If it isn’t cheaper it isn’t on the board for the next decade or two outside niche routes. The hard part is in making it economically viable. We already know sailboats work.
That’s a decision we, as a civilization, need to make. I personally hope we manage to enact transnational policies that effectively price environmental and social externalities in my lifetime. Or else witness “free market” capitalism continue to degrade our planet and the lives of millions of less privileged people.
> That’s a decision we, as a civilization, need to make. I personally hope we manage to enact transnational policies that effectively price environmental and social externalities in my lifetime. Or else witness “free market” capitalism continue to degrade our planet and the lives of millions of less privileged people.
Name one decision that the entire human civilization has ever consciously made
There are very many.

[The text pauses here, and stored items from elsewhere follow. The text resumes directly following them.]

section \<open>The remainder in Fourier coordinates\<close>

lemma real_dft_moments:
  assumes "N > 0" "conj_symmetric N w"
  shows "(\<Sum>j<N. (Re (dft N w j))\<^sup>2) = real N * (\<Sum>k<N. (cmod (w k))\<^sup>2)"
    and "(\<Sum>j<N. (Re (dft N w j)) ^ 4) = real N * (\<Sum>m<N. (cmod (autoconv N w m))\<^sup>2)"
proof -
  have re: "dft N w j = complex_of_real (Re (dft N w j))" for j
    using dft_real[OF assms(2)] by (simp add: complex_eq_iff)
  show "(\<Sum>j<N. (Re (dft N w j))\<^sup>2) = real N * (\<Sum>k<N. (cmod (w k))\<^sup>2)"
    using dft_parseval[of N w] by (subst (asm) re) simp
  have "dft N (autoconv N w) j = complex_of_real ((Re (dft N w j))\<^sup>2)" for j
    by (subst dft_square[OF assms(1), symmetric], subst re) simp
  then have "(Re (dft N w j)) ^ 4 = (cmod (dft N (autoconv N w) j))\<^sup>2" for j
    by (simp add: norm_power flip: power_mult)
  then show "(\<Sum>j<N. (Re (dft N w j)) ^ 4) = real N * (\<Sum>m<N. (cmod (autoconv N w m))\<^sup>2)"
    using dft_parseval[of N "autoconv N w"] by simp
qed

text \<open>Half the Hessian quadratic form of \<open>F_{\<gamma>,N}/N\<close> at \<open>I\<^sub>-\<close>, in Fourier coordinates:
  the mode \<open>k\<close> carries the weight \<open>\<nu>\<^sub>k/2 = 1 + \<gamma> sin\<^sup>2(k\<pi>/N)\<close>.\<close>
definition hessian_form :: "real \<Rightarrow> nat \<Rightarrow> (nat \<Rightarrow> complex) \<Rightarrow> real" where
  "hessian_form \<gamma> N w = (\<Sum>k<N. (1 + \<gamma> * (sin (real k * pi / real N))\<^sup>2) * (cmod (w k))\<^sup>2)"

lemma F_gN_fourier:
  assumes N0: "N > 0" and sym: "conj_symmetric N w"
  defines "y \<equiv> \<lambda>j. Re (dft N w j)"
  shows "F_gN \<gamma> N (\<lambda>j. y j - 1)
    = (\<Sum>j<N. y j ^ 4 / 4 - y j ^ 3) + real N * (hessian_form \<gamma> N w - 1/4)"
proof -
  define D where "D = (\<Sum>j<N. (y j - y ((j + 1) mod N))\<^sup>2)"
  define W where "W = (\<Sum>k<N. (cmod (w k))\<^sup>2)"
  define S where "S = (\<Sum>k<N. (sin (real k * pi / real N))\<^sup>2 * (cmod (w k))\<^sup>2)"
  have re: "dft N w j = complex_of_real (y j)" for j
    using dft_real[OF sym] unfolding y_def by (simp add: complex_eq_iff)
  have squares: "(\<Sum>j<N. (y j)\<^sup>2) = real N * W"
    unfolding y_def W_def by (rule real_dft_moments(1)[OF N0 sym])
  have differences: "D = real N * (4 * S)"
  proof -
    have "D = (\<Sum>j<N. (cmod (dft N (\<lambda>k. (1 - omega N ^ k) * w k) j))\<^sup>2)"
      unfolding D_def by (simp add: dft_difference[OF N0, symmetric] re flip: of_real_diff)
    also have "\<dots> = real N * (4 * S)"
      unfolding S_def
      by (simp add: dft_parseval norm_mult power_mult_distrib norm_1_minus_omega_pow
          sum_distrib_left mult.assoc)
    finally show ?thesis .
  qed
  have hessian: "hessian_form \<gamma> N w = W + \<gamma> * S"
    unfolding hessian_form_def W_def S_def by (simp add: algebra_simps sum.distrib sum_distrib_left)
  have potential: "1/4 * (t - 1) ^ 4 - 1/2 * (t - 1)\<^sup>2 = (t ^ 4 / 4 - t ^ 3) + t\<^sup>2 - 1/4" for t :: real
    by (simp add: power2_eq_square power3_eq_cube power4_eq_xxxx field_simps)
  have shift: "a - 1 - (b - 1) = a - b" for a b :: real by simp
  have "F_gN \<gamma> N (\<lambda>j. y j - 1) = (\<Sum>j<N. (y j ^ 4 / 4 - y j ^ 3) + (y j)\<^sup>2 - 1/4) + \<gamma> / 4 * D"
    unfolding F_gN_def D_def potential shift ..
  also have "\<dots> = (\<Sum>j<N. y j ^ 4 / 4 - y j ^ 3) + real N * W - real N / 4 + \<gamma> / 4 * D"
    by (simp add: sum.distrib sum_subtractf squares)
  finally show ?thesis
    unfolding hessian differences by (simp add: algebra_simps)
qed
lemma prod_UNIV_pairs:
  "(\<Prod>e\<in>UNIV. f e) = (\<Prod>h\<in>UNIV. f (pair_plus n h) * (f (pair_minus n h) :: 'a::comm_monoid_mult))"
proof -
  have "(\<Prod>e\<in>UNIV. f e) = (\<Prod>e\<in>range (pair_plus n) \<union> range (pair_minus n). f e)"
    by (simp add: range_pair_plus_Un_minus)
  also have "\<dots> = (\<Prod>e\<in>range (pair_plus n). f e) * (\<Prod>e\<in>range (pair_minus n). f e)"
    by (rule prod.union_disjoint) (auto, metis pair_plus_neq_minus)
  also have "\<dots> = (\<Prod>h\<in>UNIV. f (pair_plus n h)) * (\<Prod>h\<in>UNIV. f (pair_minus n h))"
    by (simp add: prod.reindex inj_pair_plus inj_pair_minus)
  finally show ?thesis
    by (simp add: prod.distrib)
qed

lemma sign_vec_pair_at:
  "n \<noteq> 0 \<Longrightarrow> n < 5 \<Longrightarrow> sign_vec (pair_plus n h) n = 1 \<and> sign_vec (pair_minus n h) n = -1"
  by (cases h) (auto simp: sign_vec_def pair_plus_def pair_minus_def less_Suc_eq eval_nat_numeral)

lemma sign_vec_pair_off:
  "n \<noteq> 0 \<Longrightarrow> n < 5 \<Longrightarrow> l < 5 \<Longrightarrow> l \<noteq> n \<Longrightarrow> sign_vec (pair_minus n h) l = sign_vec (pair_plus n h) l"
  by (cases h) (auto simp: sign_vec_def pair_plus_def pair_minus_def less_Suc_eq eval_nat_numeral)

lemma sign_vec_pair_0:
  "l \<noteq> 0 \<Longrightarrow> sign_vec (pair_minus 0 h) l = - sign_vec (pair_plus 0 h) l"
  by (cases h) (auto simp: sign_vec_def pair_plus_def pair_minus_def)

lemma sign_vec_pair_plus_fixed:
  "n < 5 \<Longrightarrow> sign_vec (pair_plus n h) n = 1 \<and> sign_vec (pair_plus n h) (if n = 0 then 1 else 0) = 1"
  by (cases h) (auto simp: sign_vec_pair_at sign_vec_def pair_plus_def)

definition pair_factor :: "nat \<Rightarrow> bool \<times> bool \<times> bool \<Rightarrow> complex^5 \<Rightarrow> complex" where
  "pair_factor n h x = signed_sum (sign_vec (pair_plus n h)) (sqrt_coord x)
                     * signed_sum (sign_vec (pair_minus n h)) (sqrt_coord x)"

lemma Delta'_eq_prod_pair_factor: "Delta' x = (\<Prod>h\<in>UNIV. pair_factor n h x)"
  unfolding Delta'_eq_prod_signed_sum pair_factor_def by (rule prod_UNIV_pairs)

lemma pair_factor_eq_0_iff:
  "pair_factor n h x = 0 \<longleftrightarrow> (\<exists>e\<in>{pair_plus n h, pair_minus n h}. signed_sum (sign_vec e) (sqrt_coord x) = 0)"
  unfolding pair_factor_def by auto

definition pair_rest :: "nat \<Rightarrow> bool \<times> bool \<times> bool \<Rightarrow> (nat \<Rightarrow> complex) \<Rightarrow> complex" where
  "pair_rest n h s = (\<Sum>l\<in>{..<5} - {n}. sign_vec (pair_plus n h) l * s l)"

definition pair_sign :: "nat \<Rightarrow> complex" where
  "pair_sign n = (if n = 0 then -1 else 1)"

lemma signed_sum_pair_plus:
  "n < 5 \<Longrightarrow> signed_sum (sign_vec (pair_plus n h)) s = s n + pair_rest n h s"
  unfolding pair_rest_def by (cases "n = 0") (simp_all add: signed_sum_remove[of n] sign_vec_pair_at)

lemma pair_factor_eq:
  assumes "n < 5"
  shows "pair_factor n h x = pair_sign n * ((pair_rest n h (sqrt_coord x))\<^sup>2 - xc x n)"
proof -
  let ?s = "sqrt_coord x" and ?A = "pair_rest n h (sqrt_coord x)"
  note plus = signed_sum_pair_plus[OF assms, of h ?s]
  show ?thesis
  proof (cases "n = 0")
    case True
    have minus: "signed_sum (sign_vec (pair_minus n h)) ?s = ?s n - ?A"
      using True unfolding pair_rest_def
      by (simp add: signed_sum_remove[of 0] sign_vec_pair_0 sum_negf[symmetric])
    show ?thesis
      using True unfolding pair_factor_def pair_sign_def plus minus
      by (simp add: sqrt_coord_sq[symmetric] algebra_simps power2_eq_square del: sqrt_coord_sq)
  next
    case False
    have minus: "signed_sum (sign_vec (pair_minus n h)) ?s = - ?s n + ?A"
      using False assms unfolding pair_rest_def
      by (simp add: signed_sum_remove[of n] sign_vec_pair_at sign_vec_pair_off)
    show ?thesis
      using False unfolding pair_factor_def pair_sign_def plus minus
      by (simp add: sqrt_coord_sq[symmetric] algebra_simps power2_eq_square del: sqrt_coord_sq)
  qed
qed

lemma pair_factor_add_axis:
  assumes "n < 5"
  shows "pair_factor n h (x + t *s axis (of_nat n) 1) = pair_factor n h x - pair_sign n * t"
proof -
  let ?y = "x + t *s axis (of_nat n) 1"
  have "pair_rest n h (sqrt_coord ?y) = pair_rest n h (sqrt_coord x)"
    unfolding pair_rest_def by (rule sum.cong) (auto simp: sqrt_coord_def xc_add_axis assms)
  moreover have "xc ?y n = xc x n + t"
    by (simp add: xc_add_axis assms)
  ultimately show ?thesis
    using assms by (simp add: pair_factor_eq algebra_simps)
qed
lemma integral_scaled_lambda_norm_le:
  assumes t: "t \<in> {1..T}"
  shows "B t * (\<integral>\<omega>. lambda_norm gradF lam (exp_avg \<beta> (y \<omega>) t) \<partial>\<Omega>)
    \<le> K + mu / 2 * D * B t - disc_sum \<beta> gap t / D"
proof -
  have AE_le: "AE \<omega> in \<Omega>. B t * lambda_norm gradF lam (exp_avg \<beta> (y \<omega>) t) \<le> majorant \<omega> t"
    using AE_unit_steps by eventually_elim (rule scaled_lambda_norm_le_majorant[OF t])
  have nonneg: "0 \<le> B t * lambda_norm gradF lam (exp_avg \<beta> (y \<omega>) t)" for \<omega>
    using B_ge_1[of t] t lambda_norm_nonneg[OF gradF_measurable less_imp_le[OF lam_pos]]
    by (intro mult_nonneg_nonneg) auto
  have "(\<integral>\<omega>. B t * lambda_norm gradF lam (exp_avg \<beta> (y \<omega>) t) \<partial>\<Omega>) \<le> (\<integral>\<omega>. majorant \<omega> t \<partial>\<Omega>)"
  proof (cases "integrable \<Omega> (\<lambda>\<omega>. B t * lambda_norm gradF lam (exp_avg \<beta> (y \<omega>) t))")
    case True
    then show ?thesis using AE_le integrable_majorant[OF t] by (intro integral_mono_AE)
  next
    case False
    have "AE \<omega> in \<Omega>. 0 \<le> majorant \<omega> t"
      using AE_le by eventually_elim (rule order_trans[OF nonneg])
    then have "0 \<le> (\<integral>\<omega>. majorant \<omega> t \<partial>\<Omega>)"
      by (rule integral_nonneg_AE)
    with False show ?thesis by (simp add: not_integrable_integral_eq)
  qed
  with integral_majorant_le[OF t] show ?thesis by simp
qed

lemma integral_sum_F_decrease:
  "(\<integral>\<omega>. (\<Sum>t=1..T. F x0 - F (w \<omega> t)) \<partial>\<Omega>) = - (\<Sum>t=1..T. gap t)"
proof -
  have "integrable \<Omega> (\<lambda>\<omega>. F x0 - F (w \<omega> t))" if "t \<in> {1..T}" for t
    using Bochner_Integration.integrable_minus[OF integrable_F_w[OF that integrable_Delta_square[OF that]]]
    by simp
  then have "(\<integral>\<omega>. (\<Sum>t=1..T. F x0 - F (w \<omega> t)) \<partial>\<Omega>) = (\<Sum>t=1..T. (\<integral>\<omega>. F x0 - F (w \<omega> t) \<partial>\<Omega>))"
    by (intro Bochner_Integration.integral_sum) auto
  also have "\<dots> = (\<Sum>t=1..T. - gap t)"
    unfolding gap_def by (intro sum.cong refl) (simp flip: integral_minus)
  finally show ?thesis
    by (simp add: sum_negf)
qed

lemma K_le: "K \<le> 2 * (G + \<sigma>) / (\<beta> * \<kappa>) + \<epsilon> / 4 + (G + \<sigma>) / \<kappa>"
proof -
  have noise_term: "\<sigma>^2 / \<kappa>^2 / (2 * (c / \<kappa>)) \<le> c / (2 * \<kappa>)" if "0 < c" "\<sigma> \<le> c" for c
  proof -
    have "\<sigma>^2 \<le> c^2"
      using that sigma_nonneg by (intro power_mono) auto
    then have "\<sigma>^2 / (2 * \<kappa> * c) \<le> c^2 / (2 * \<kappa> * c)"
      using that kappa_pos by (intro divide_right_mono) auto
    with that kappa_pos show ?thesis
      by (simp add: field_simps power2_eq_square)
  qed
  have "reg_bound / D = 2 * (G + \<sigma>) / (\<beta> * \<kappa>) + \<epsilon> / 4"
    unfolding reg_bound_def using D_pos mu_D by (simp add: field_simps power2_eq_square)
  with noise_term[OF G_plus_sigma_pos] G_nonneg show ?thesis
    unfolding K_def \<alpha>_def by simp
qed

lemma parameter_bound: "K * (\<Sum>t=1..T. tau_weight \<beta> T t) / real T + mu * D / 2 \<le> 3 * \<epsilon>"
proof -
  have T: "0 < real T" using T_pos by simp
  have K_nonneg: "0 \<le> K"
    unfolding K_def reg_bound_def using D_pos alpha_pos kappa_pos G_plus_sigma_pos beta_pos mu_pos by simp
  have "(\<Sum>t=1..T. tau_weight \<beta> T t) \<le> real T * (2 * \<kappa>^2)"
    using sum_tau_weight_le[OF T_pos less_imp_le[OF beta_lt_1]] T_kappa unfolding one_minus_beta by linarith
  then have "K * (\<Sum>t=1..T. tau_weight \<beta> T t) \<le> K * (real T * (2 * \<kappa>^2))"
    using K_nonneg by (rule mult_left_mono)
  then have "K * (\<Sum>t=1..T. tau_weight \<beta> T t) / real T \<le> 2 * \<kappa>^2 * K"
    using T by (simp add: field_simps)
  also have "\<dots> \<le> 2 * \<kappa>^2 * (2 * (G + \<sigma>) / (\<beta> * \<kappa>) + \<epsilon> / 4 + (G + \<sigma>) / \<kappa>)"
    using K_le by (intro mult_left_mono) auto
  also have "\<dots> = 4 * (\<kappa> * (G + \<sigma>)) / \<beta> + \<kappa>^2 * \<epsilon> / 2 + 2 * (\<kappa> * (G + \<sigma>))"
    using kappa_pos beta_pos by (simp add: field_simps power2_eq_square)
  also have "\<dots> \<le> 16/21 * \<epsilon> + \<epsilon> / 8 + 2/7 * \<epsilon>"
  proof -
    have "4 * (\<epsilon> / 7) / \<beta> \<le> 4 * (\<epsilon> / 7) / (3/4)"
      using beta_ge eps_pos by (intro divide_left_mono) auto
    then have "4 * (\<epsilon> / 7) / \<beta> \<le> 16/21 * \<epsilon>"
      by simp
    moreover have "\<kappa>^2 * \<epsilon> \<le> 1/4 * \<epsilon>"
      using kappa_square_le eps_pos by (intro mult_right_mono) auto
    ultimately show ?thesis
      unfolding kappa_G_sigma by linarith
  qed
  finally show ?thesis
    using mu_D eps_pos by linarith
qed

lemma sum_tau_weight_bound_eq:
  "(\<Sum>t=1..T. tau_weight \<beta> T t * (K + mu / 2 * D * B t - disc_sum \<beta> gap t / D))
    = K * (\<Sum>t=1..T. tau_weight \<beta> T t) + mu / 2 * D * real T - (\<Sum>t=1..T. gap t) / D"
proof -
  have "(\<Sum>t=1..T. tau_weight \<beta> T t * (K + mu / 2 * D * B t - disc_sum \<beta> gap t / D))
      = K * (\<Sum>t=1..T. tau_weight \<beta> T t) + mu / 2 * D * (\<Sum>t=1..T. tau_weight \<beta> T t * B t)
        - (\<Sum>t=1..T. tau_weight \<beta> T t * disc_sum \<beta> gap t) / D"
    by (simp add: algebra_simps sum.distrib sum_subtractf sum_distrib_left sum_divide_distrib)
  then show ?thesis
    using sum_tau_weight_disc_sum[OF T_pos, of \<beta> "\<lambda>_. 1"] sum_tau_weight_disc_sum[OF T_pos, of \<beta> gap]
    unfolding B_def by simp
qed

lemma expected_lambda_norm_bound:
  "(\<Sum>t=1..T. tau_prob \<beta> T t * (\<integral>\<omega>. lambda_norm gradF lam (exp_avg \<beta> (y \<omega>) t) \<partial>\<Omega>))
   \<le> 3 * \<epsilon> + 4 * sqrt lam / sqrt \<epsilon> / real T * (\<integral>\<omega>. (\<Sum>t=1..T. F x0 - F (w \<omega> t)) \<partial>\<Omega>)"
proof -
  have T: "0 < real T" using T_pos by simp
  have "(\<Sum>t=1..T. tau_prob \<beta> T t * (\<integral>\<omega>. lambda_norm gradF lam (exp_avg \<beta> (y \<omega>) t) \<partial>\<Omega>))
      \<le> (\<Sum>t=1..T. tau_weight \<beta> T t * (K + mu / 2 * D * B t - disc_sum \<beta> gap t / D) / real T)"
  proof (rule sum_mono)
    fix t assume t: "t \<in> {1..T}"
    let ?I = "\<integral>\<omega>. lambda_norm gradF lam (exp_avg \<beta> (y \<omega>) t) \<partial>\<Omega>"
    have "0 \<le> tau_weight \<beta> T t"
      unfolding tau_weight_def using beta_lt_1 by simp
    from mult_left_mono[OF integral_scaled_lambda_norm_le[OF t] this]
    have "tau_weight \<beta> T t * (B t * ?I) / real T
        \<le> tau_weight \<beta> T t * (K + mu / 2 * D * B t - disc_sum \<beta> gap t / D) / real T"
      by (rule divide_right_mono) simp
    moreover have "tau_prob \<beta> T t * ?I = tau_weight \<beta> T t * (B t * ?I) / real T"
      unfolding tau_prob_eq_tau_weight[OF beta_lt_1 t] B_def by (simp add: mult.assoc)
    ultimately show "tau_prob \<beta> T t * ?I
        \<le> tau_weight \<beta> T t * (K + mu / 2 * D * B t - disc_sum \<beta> gap t / D) / real T"
      by simp
  qed
  also have "\<dots> = (K * (\<Sum>t=1..T. tau_weight \<beta> T t) + mu / 2 * D * real T - (\<Sum>t=1..T. gap t) / D) / real T"
    unfolding sum_divide_distrib[symmetric] sum_tau_weight_bound_eq ..
  also have "\<dots> \<le> 3 * \<epsilon> + 1 / D / real T * (- (\<Sum>t=1..T. gap t))"
    using parameter_bound T by (simp add: field_simps)
  finally show ?thesis
    unfolding integral_sum_F_decrease inverse_D .
qed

Sovereignty of nation-states, the international passport system, international standards for airplanes/airports/flight operations, Unicode, every other IT standard, every ISO standard, outlawing aggressive warfare, the international financial system, the UN, the Law of the Sea, compact discs, time keeping (60 seconds, 60 minutes, 24 hrs, 7 days, etc.), time zones, calendar, names of celestial objects, names of elements, international science research, Enlightenment scholarship, ........
That really big question for society is how to force GHG emissions externalities to the polluters. In the current political climate it doesn't appear possible...
> how to force GHG emissions externalities to the polluters
Not happening for decades. Not until America’s boomers, Xi and his wolf warriors and Putin and his circle are dead.
Solar is a success because it’s economically viable. We need more solutions like that. Not conference presentations wrapping a regressive carbon tax as a sailboat.
Solar wasn't economical until China made the strategic decision to invest into cutting solar costs and scaling production up. Putin isn't relevant, nobody really listens to him (the reason why he is so mad). It's really the American boomers who are happy the cook the planet to own the libs.
Taxing CO2 isn't regressive - poor people don't fly to vacations or commute in unnecessarily large single-occupancy trucks.
It certainly is. Everything poor people need is manufactured and delivered with fossil fuels. Rich people could afford extra costs for carbon without blinking.